# New Wine shed



## Cajun Wine Man (Feb 23, 2010)

I have been working on my new wine making/cellar shed.


Went from this 







to this






the inside Rt.






Inside Lt.






I have decided what to do with the oposite wall yet.


----------



## fivebk (Feb 23, 2010)

VERY NICE!!!!!!!!

BOB


----------



## appleweld (Feb 23, 2010)

cajun man, what a cool idea. a doghouse any man would love to be sent to. i posted the diamond wine rack acouple days ago, now your giving me a new idea as for a permanent location. as for the other wall, i would dedicate a small space for a tv so you could watch nascar on the weekends.


----------



## Scott (Feb 23, 2010)

Nice work indeed


----------



## ibglowin (Feb 23, 2010)

That would be what we call a "man cave" in these parts!





Very nice upgrade from what it was. You might even be able to rent that place out when your not making wine!


----------



## admiral (Feb 23, 2010)

Very nice work, Robert! It looks like you have room for expansion when the time comes.


----------



## AlFulchino (Feb 23, 2010)

Nice!


----------



## peaches9324 (Feb 23, 2010)

GOOD job!


----------



## Bert (Feb 23, 2010)

Looks great!!! Maybe more wine racks on that open wall....can never have enough room for wine bottles.....very nice job..


----------



## robie (Feb 23, 2010)

Fabulous!


----------



## grapeman (Feb 23, 2010)

That is just so WRONG! You can't be making wine in that place- you will be giving the rest of a a bad rap with the public. They will see yours and think all wineries should look like that!


----------



## Waldo (Feb 23, 2010)




----------



## pro71bird (Feb 24, 2010)

Very nice!


----------



## Goodfella (Feb 24, 2010)

THAT IS SWEET!!!!


Are you going to have an AC unit to keep it cool?


----------



## NEBama (Feb 24, 2010)

Very nice


----------



## Scott B (Feb 24, 2010)

WOW Great job!


----------



## Wade E (Feb 24, 2010)

SAAAAWWWWWEEEEEEEEETTTTTTTTTTTT!!!!!!!!!!!!!!!!!!!!!!!
I want to do this with beer brewing cause Im just running out of room in my basement with all m y wine but somehow get the feeling it wont make it past the swmbo!



It does stand a chance though as every time I brew a batch she cant stand the smell and now that I have an electric set up ill be doing all my brew inside.
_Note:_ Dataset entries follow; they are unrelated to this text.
lemma kappa_less_nn_integral:
  fixes \<Omega> :: "(real ^ 'n) set" and J :: "real ^ 'n \<Rightarrow> real"
  assumes "open \<Omega>" and icp: "interior_cone_property \<Omega> i \<mu> \<nu>" and "0 < \<mu>" "\<nu> < 1"
    and "0 < \<alpha>" "0 < M" "0 \<le> q" "0 < \<delta>"
    and holder: "\<forall>x1\<in>\<Omega>. \<forall>x2\<in>\<Omega>. dist x1 x2 < \<mu> \<longrightarrow> \<bar>J x1 - J x2\<bar> \<le> M * dist x1 x2 powr \<alpha>"
    and x: "x \<in> \<Omega>" "J x \<le> \<delta>"
  shows "ennreal (kappa CARD('n) (measure lebesgue (cone_V i \<mu> \<nu>)) \<mu> M \<alpha> q \<delta>)
    < (\<integral>\<^sup>+y\<in>\<Omega>. ennreal (max \<delta> (J y) powr (-q)) \<partial>lebesgue)"
proof -
  obtain Q where Q: "rotation_matrix Q" "(\<lambda>v. x + Q *v v) ` cone_V i \<mu> \<nu> \<subseteq> \<Omega>"
    using icp x unfolding interior_cone_property_def by blast
  define W where "W = cone_at x (Q *v axis i 1) \<mu> \<nu>"
  have "W \<subseteq> \<Omega>"
    using Q by (simp add: W_def rotation_matrix_def rotated_cone_V_eq_cone_at)
  obtain z \<rho> where B: "0 < \<rho>" "\<rho> \<le> \<mu>" "ball z \<rho> \<subseteq> \<Omega>" "ball z \<rho> \<inter> W = {}"
    using exists_ball_disjoint_cone[OF \<open>open \<Omega>\<close> icp \<open>0 < \<mu>\<close> \<open>\<nu> < 1\<close> Q(1)] \<open>W \<subseteq> \<Omega>\<close>
    unfolding W_def by blast
  define h where "h y = ennreal ((\<delta> + M * norm (y - x) powr \<alpha>) powr (-q))" for y
  have "h y \<le> ennreal (max \<delta> (J y) powr (-q))" if "y \<in> W" for y
  proof -
    have "y \<in> \<Omega>" "dist y x < \<mu>"
      using that \<open>W \<subseteq> \<Omega>\<close> by (auto simp: W_def cone_at_def dist_norm)
    then have "max \<delta> (\<delta> + M * norm (y - x) powr \<alpha>) powr (-q) \<le> max \<delta> (J y) powr (-q)"
      using assms by (intro max_powr_le_of_holder[OF holder]) (auto simp: dist_norm)
    then show ?thesis
      using \<open>0 < M\<close> by (simp add: h_def max_absorb2 ennreal_leI)
  qed
  moreover have "ennreal (max \<delta> (J z + M * \<mu> powr \<alpha>) powr (-q)) \<le> ennreal (max \<delta> (J y) powr (-q))"
    if "y \<in> ball z \<rho>" for y
  proof -
    have "y \<in> \<Omega>" "z \<in> \<Omega>" "dist y z < \<mu>"
      using that B by (auto simp: dist_commute)
    then show ?thesis
      using max_powr_le_of_holder[OF holder \<open>y \<in> \<Omega>\<close> \<open>z \<in> \<Omega>\<close> \<open>dist y z < \<mu>\<close> _ order_refl] assms
      by (auto intro: ennreal_leI)
  qed
  moreover have "0 < emeasure lebesgue (ball z \<rho>)"
    using content_ball_pos[OF \<open>0 < \<rho>\<close>, of z] by (simp add: emeasure_eq_measure2)
  moreover have W_eq: "(\<integral>\<^sup>+y\<in>W. h y \<partial>lebesgue)
      = ennreal (kappa CARD('n) (measure lebesgue (cone_V i \<mu> \<nu>)) \<mu> M \<alpha> q \<delta>)"
    unfolding W_def h_def using \<open>0 < \<mu>\<close> \<open>0 < M\<close> \<open>0 < \<alpha>\<close> \<open>0 < \<delta>\<close> Q(1)
    by (subst nn_integral_cone_at_eq_kappa) (auto simp: rotation_matrix_def measure_rotated_cone_at)
  moreover have "h \<in> borel_measurable lebesgue" "W \<in> sets lebesgue"
    unfolding h_def W_def by (rule measurable_completion, measurable) (rule fmeasurableD[OF lmeasurable_cone_at])
  ultimately have "(\<integral>\<^sup>+y\<in>W. h y \<partial>lebesgue) < (\<integral>\<^sup>+y\<in>\<Omega>. ennreal (max \<delta> (J y) powr (-q)) \<partial>lebesgue)"
    using B(3,4) \<open>W \<subseteq> \<Omega>\<close> \<open>0 < \<delta>\<close>
    by (intro set_nn_integral_less_of_disjoint[where B="ball z \<rho>"
          and c="ennreal (max \<delta> (J z + M * \<mu> powr \<alpha>) powr (-q))"]) (auto simp: Int_commute)
  then show ?thesis
    unfolding W_eq .
qed

theorem lemma4p11:
  fixes \<Omega> :: "(real ^ 'n) set" and i0 :: 'n
    and \<mu> \<nu> \<alpha> q M C :: real and J :: "real ^ 'n \<Rightarrow> real"
  defines "d \<equiv> CARD('n)"
  defines "volV \<equiv> measure lebesgue (cone_V i0 \<mu> \<nu>)"
  defines "\<delta> \<equiv> THE t. t > 0 \<and> kappa d volV \<mu> M \<alpha> q t = C"
  assumes dom: "open \<Omega>" "connected \<Omega>" "bounded \<Omega>"
    and cone: "\<mu> > 0" "\<nu> < 1" "interior_cone_property \<Omega> i0 \<mu> \<nu>"
    and alpha: "0 < \<alpha>" "\<alpha> < 1"
    and holder: "holder_continuous_on \<alpha> \<Omega> J"
    and q: "q \<ge> real d / \<alpha>"
    and MC: "M > 0" "C > 0"
    and int_bound: "(\<integral>\<^sup>+ x\<in>\<Omega>. ennreal ((max \<delta> (J x)) powr (-q)) \<partial>lebesgue) \<le> ennreal C"
    and seminorm: "\<forall>x1\<in>\<Omega>. \<forall>x2\<in>\<Omega>. dist x1 x2 < \<mu> \<longrightarrow>
                     \<bar>J x1 - J x2\<bar> \<le> M * dist x1 x2 powr \<alpha>"
  shows "\<delta> > 0 \<and> (\<forall>x\<in>\<Omega>. J x > \<delta>)"
proof -
  have "0 < d"
    by (simp add: d_def)
  have "0 < volV"
    using measure_cone_at_pos[of "axis i0 (1::real)" \<mu> \<nu> 0] cone(1,2) by (simp add: volV_def cone_V_eq_cone_at)
  have "real d \<le> \<alpha> * q"
    using q alpha(1) by (simp add: divide_le_eq mult.commute)
  then have "0 < \<alpha> * q"
    using \<open>0 < d\<close> by linarith
  then have "0 \<le> q"
    using alpha(1) by (simp add: zero_less_mult_iff)
  have "\<exists>!t. 0 < t \<and> kappa d volV \<mu> M \<alpha> q t = C"
    using \<open>0 < d\<close> \<open>0 < volV\<close> cone(1) MC(1) alpha(1) \<open>real d \<le> \<alpha> * q\<close> MC(2)
    by (rule kappa_eq_unique)
  then have \<delta>: "0 < \<delta> \<and> kappa d volV \<mu> M \<alpha> q \<delta> = C"
    unfolding \<delta>_def by (rule theI')
  have "\<delta> < J x" if "x \<in> \<Omega>" for x
  proof (rule ccontr)
    assume "\<not> \<delta> < J x"
    then have "ennreal (kappa d volV \<mu> M \<alpha> q \<delta>) < (\<integral>\<^sup>+y\<in>\<Omega>. ennreal (max \<delta> (J y) powr (-q)) \<partial>lebesgue)"
      unfolding d_def volV_def using \<delta> dom(1) cone alpha(1) MC(1) \<open>0 \<le> q\<close> seminorm that
      by (intro kappa_less_nn_integral) auto
    then show False
      using int_bound \<delta> by simp
  qed
  then show ?thesis
    using \<delta> by blast
qed

end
Up till now Ive only done mini mashes inside, wait till she gets a whiff of what the house will smell like when I brew an all grain in the house, Ill have all the cash flow to build that brew cabana in no time at all!


----------



## rrawhide (Feb 24, 2010)

Fantastic job

now to enjoy

do not forget the a/c though

keep the pictures coming.

rrawhide


----------



## Big Ike (Feb 25, 2010)

Love it!


----------



## Goodfella (Mar 4, 2010)

Have you decided on a cooling unit?


----------



## xanxer82 (Mar 4, 2010)

looks great. it'll fill up fast


----------



## nursejohn (Mar 4, 2010)

Wow, what a great wine room. Looks great! Just to think, when I finally had a spare bedroom to call my wine room, I thought I had really moved up




.


----------



## vcasey (Mar 4, 2010)

Wow that is a nice shed! How are you controlling the temps?


----------



## Cajun Wine Man (Mar 9, 2010)

I will put a small AC in that should keep the temps steady at least. Here in SW Louisiana the temps can get *HOT* so I just try to keep it as cool as possible.


----------



## u01dtj6 (Mar 14, 2010)

Oh my god! I am very very very jealous!!


----------



## gaudet (Mar 14, 2010)

Cajun Wine Man said:


> I will put a small AC in that should keep the temps steady at least. Here in SW Louisiana the temps can get *HOT* so I just try to keep it as cool as possible.



You might want to put a little bigger ac in there Cajun........ Global warming and stuff.........


----------



## jeepbabe (Mar 16, 2010)

WOW! IMPRESSIVE!


----------



## RickC (Mar 17, 2010)

Gotta have one of those!!!!!!!!! Great job.


----------